A Kunstgraben is a type of man-made water channel that was once used by mines to drive the water wheels needed for power, mine drainage and a host of other purposes. The term is German (plural: Kunstgräben). Similar ditches supplying water mills in England are called leats.

== Background ==
Until the invention of the steam engine, water power was the main source of energy utilised by the various mechanical engines employed in the mining industry, such as water wheels, reversible water wheels, water-column engines or water turbines.

To enable mine workings to be driven ever deeper, more and more power was needed. The water available in the vicinity of the pits was insufficient for that purpose and springs frequently dried up as a result of be diverted for use in the mines. As a result, the water needed for the mine workings sometimes had to be transported over long distances.

== Usage ==
The aim was to have the greatest possible height difference at the site of the water power engine. This difference is known as the height of impact (Aufschlaghöhe).

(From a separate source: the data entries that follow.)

(* Let $n>1$, $t,p\ge 1$ be integers, let $G$ be a regular graph of order $m$, and suppose $tpm>1$. If $n\equiv 0\pmod 2$, or $ntpm\equiv 1\pmod 2$, or $tpG$ is distance magic, then $tH_{n,p}\otimes G$ is distance magic.
   Context: A graph $G$ on $v$ vertices is distance magic if there is a bijection $f:V(G)\to\{1,\ldots,v\}$ and a constant $k$ such that for every vertex $x$, $\sum_{y\in N(x)}f(y)=k$, where $N(x)$ is the set of neighbours of $x$. $H_{n,p}$ denotes the complete multipartite graph with $p$ partite sets each of size $n$; $cH$ denotes the disjoint union of $c$ copies of $H$. The Kronecker (tensor) product $G\otimes H$ has vertex set $V(G)\times V(H)$, with $(g,h)\sim(g',h')$ iff $gg'\in E(G)$ and $hh'\in E(H)$. *)

theory Defs
  imports Main
begin

definition simple_graph :: "'v set \<Rightarrow> ('v \<Rightarrow> 'v \<Rightarrow> bool) \<Rightarrow> bool" where
  "simple_graph V E \<longleftrightarrow> finite V \<and> (\<forall>x\<in>V. \<forall>y\<in>V. E x y \<longrightarrow> E y x) \<and> (\<forall>x\<in>V. \<not> E x x)"

definition nbhd :: "'v set \<Rightarrow> ('v \<Rightarrow> 'v \<Rightarrow> bool) \<Rightarrow> 'v \<Rightarrow> 'v set" where
  "nbhd V E x = {y\<in>V. E x y}"

definition regular_graph :: "'v set \<Rightarrow> ('v \<Rightarrow> 'v \<Rightarrow> bool) \<Rightarrow> bool" where
  "regular_graph V E \<longleftrightarrow> simple_graph V E \<and> (\<exists>r. \<forall>x\<in>V. card (nbhd V E x) = r)"

definition distance_magic :: "'v set \<Rightarrow> ('v \<Rightarrow> 'v \<Rightarrow> bool) \<Rightarrow> bool" where
  "distance_magic V E \<longleftrightarrow>
     (\<exists>(f :: 'v \<Rightarrow> nat) k. bij_betw f V {1..card V} \<and> (\<forall>x\<in>V. (\<Sum>y\<in>nbhd V E x. f y) = k))"

definition copies_verts :: "nat \<Rightarrow> 'v set \<Rightarrow> (nat \<times> 'v) set" where
  "copies_verts c V = {0..<c} \<times> V"

definition copies_adj :: "('v \<Rightarrow> 'v \<Rightarrow> bool) \<Rightarrow> nat \<times> 'v \<Rightarrow> nat \<times> 'v \<Rightarrow> bool" where
  "copies_adj E u w \<longleftrightarrow> fst u = fst w \<and> E (snd u) (snd w)"

text \<open>Complete multipartite graph H_{n,p}: vertices (i,a), i < n the position within
  part a < p; (i,a) ~ (j,b) iff a \<noteq> b.\<close>
definition H_verts :: "nat \<Rightarrow> nat \<Rightarrow> (nat \<times> nat) set" where
  "H_verts n p = {0..<n} \<times> {0..<p}"

definition H_adj :: "nat \<times> nat \<Rightarrow> nat \<times> nat \<Rightarrow> bool" where
  "H_adj u w \<longleftrightarrow> snd u \<noteq> snd w"

definition kron_verts :: "'a set \<Rightarrow> 'b set \<Rightarrow> ('a \<times> 'b) set" where
  "kron_verts V W = V \<times> W"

To achieve this the Kunstgräben were laid with only a very slight gradient, so that they resembled contours in the terrain and followed all the twists and turns of the valleys. In order to overcome natural obstacles Kunstgräben were frequently led along the bottom of tunnels in so-called Röschen or, more rarely, over aqueducts; the best-known Kunstgraben aqueducts being the Altväter Bridge near Halsbrücke and the Sperberhai Dyke in the Harz Mountains.

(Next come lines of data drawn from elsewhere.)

text \<open>Gauss's identity \<open>\<theta>(-q) P(q) = 1\<close> for the overpartition generating function \<open>P\<close>, over any commutative ring: cancel \<open>(q; q)\<^sub>N\<close> from the truncated identity.\<close>

theorem gauss_identity: "sign_twist theta * (overpartition_gf :: 'a::comm_ring_1 fps) = 1"
proof (rule agree_all)
  fix m
  have "agree (m + 2) (sign_twist theta * overpartition_product (m + 1) * qpoch fps_X (m + 1)) (1 * (qpoch fps_X (m + 1) :: 'a fps))"
    using gauss_identity_truncated[of "m + 1"] by (simp add: mult.assoc overpartition_product_qpoch)
  then have "agree (m + 2) (sign_twist theta * overpartition_product (m + 1)) (1 :: 'a fps)"
    by (rule agree_cancel) (simp add: qpoch_nth_0)
  moreover have "agree (m + 2) (sign_twist theta * overpartition_gf) (sign_twist theta * (overpartition_product (m + 1) :: 'a fps))"
    using overpartition_gf_agree[of "m + 1"] by (intro agree_mult agree_refl) simp
  ultimately show "agree m (sign_twist theta * overpartition_gf) (1 :: 'a fps)"
    by (meson agree_mono agree_trans le_add1)
qed

subsection \<open>The 5-dissection of the overpartition generating function\<close>

text \<open>Write \<open>F = \<theta>(-q)\<close> and \<open>P = \<Sum> pbar(n) q^n\<close> over \<open>\<int>/5\<int>\<close>, so \<open>F P = 1\<close>.  Then
  \<open>P \<cdot> F(q\<^sup>5) = P F\<^sup>5 = F\<^sup>4\<close>, and since the degree-\<open>0 (mod 5)\<close> part of \<open>F\<^sup>4\<close> is \<open>F\<^sup>4(q\<^sup>5)\<close>,
  extracting the degrees divisible by \<open>5\<close> gives \<open>(\<Sum> pbar(5n) q^n) F = F\<^sup>4\<close>, i.e.
  \<open>\<Sum> pbar(5n) q^n = F\<^sup>3 = \<theta>(-q)\<^sup>3\<close> over \<open>\<int>/5\<int>\<close>.\<close>

lemma decimate_overpartition_gf: "decimate 5 (overpartition_gf :: 5 fps) = sign_twist (theta ^ 3)"
proof -
  define F :: "5 fps" where "F = sign_twist theta"
  define P :: "5 fps" where "P = overpartition_gf"
  have FP: "F * P = 1"
    unfolding F_def P_def by (rule gauss_identity)
  have F4: "decimate 5 (F ^ 4) = F ^ 4"
    by (simp add: F_def decimate_sign_twist decimate_theta_fourth flip: sign_twist_power)
  have "P * dilate 5 F = P * F ^ 5"
    by (simp only: frobenius)
  also have "\<dots> = (F * P) * F ^ 4"
    by (simp add: eval_nat_numeral mult_ac)
  finally have quotient: "decimate 5 P * F = F ^ 4"
    using F4 by (simp add: FP decimate_mult_dilate[symmetric])
  have "decimate 5 P = (decimate 5 P * F) * P"
    by (simp add: FP mult.assoc)
  also have "\<dots> = F ^ 3 * (F * P)"
    by (simp only: quotient) (simp add: eval_nat_numeral mult_ac)
  finally have "decimate 5 P = F ^ 3"
    by (simp add: FP)
  then show ?thesis
    by (simp add: F_def P_def sign_twist_power)
qed

lemma overpartition_count_five_mult:
  "(of_nat (overpartition_count (5 * n)) :: 5) = (-1) ^ n * of_nat (card (three_squares (int n)))"
proof -
  have "(of_nat (overpartition_count (5 * n)) :: 5) = fps_nth (decimate 5 overpartition_gf) n"
    by (simp add: decimate_def overpartition_gf_def)
  also have "\<dots> = (-1) ^ n * of_nat (card (three_squares (int n)))"
    by (simp add: decimate_overpartition_gf sign_twist_def theta_cube_nth)
  finally show ?thesis .
qed

text \<open>The theorem: by the last lemma and \<open>r\<^sub>3(4n) = r\<^sub>3(n)\<close>, both sides are \<open>\<equiv> (-1)^n r\<^sub>3(n)\<close>.\<close>

theorem theorem1p1:
  fixes n :: nat
  shows "[int (overpartition_count (5 * n)) = (-1) ^ n * int (overpartition_count (20 * n))] (mod 5)"
proof -
  have "(of_nat (overpartition_count (20 * n)) :: 5) = of_nat (card (three_squares (int n)))"
    using overpartition_count_five_mult[of "4 * n"] three_squares_four_mult[of "int n"]
    by (simp add: power_mult)
  then have "(of_int (int (overpartition_count (5 * n))) :: 5)
      = of_int ((-1) ^ n * int (overpartition_count (20 * n)))"
    by (simp add: overpartition_count_five_mult)
  then have "[int (overpartition_count (5 * n)) = (-1) ^ n * int (overpartition_count (20 * n))] (mod int CHAR(5))"
    by (rule of_int_eq_iff_cong_CHAR[THEN iffD1])
  then show ?thesis
    by simp
qed

end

Typically a Kunstgraben started at a weir or divert (Wasserteiler) and ran along Röschen and via water storage ponds or Kunstteiche to the pit. The water power engine usually had a headrace and a tailrace (Aufschlagrösche and Abzugsrösche). A footpath was laid parallel to the Kunstgraben that acted as an access route for the ditch overseer (Grabensteiger), whenever he went to the weir to adjust the paddles. These paths are frequently used as walking trails today, where they have survived.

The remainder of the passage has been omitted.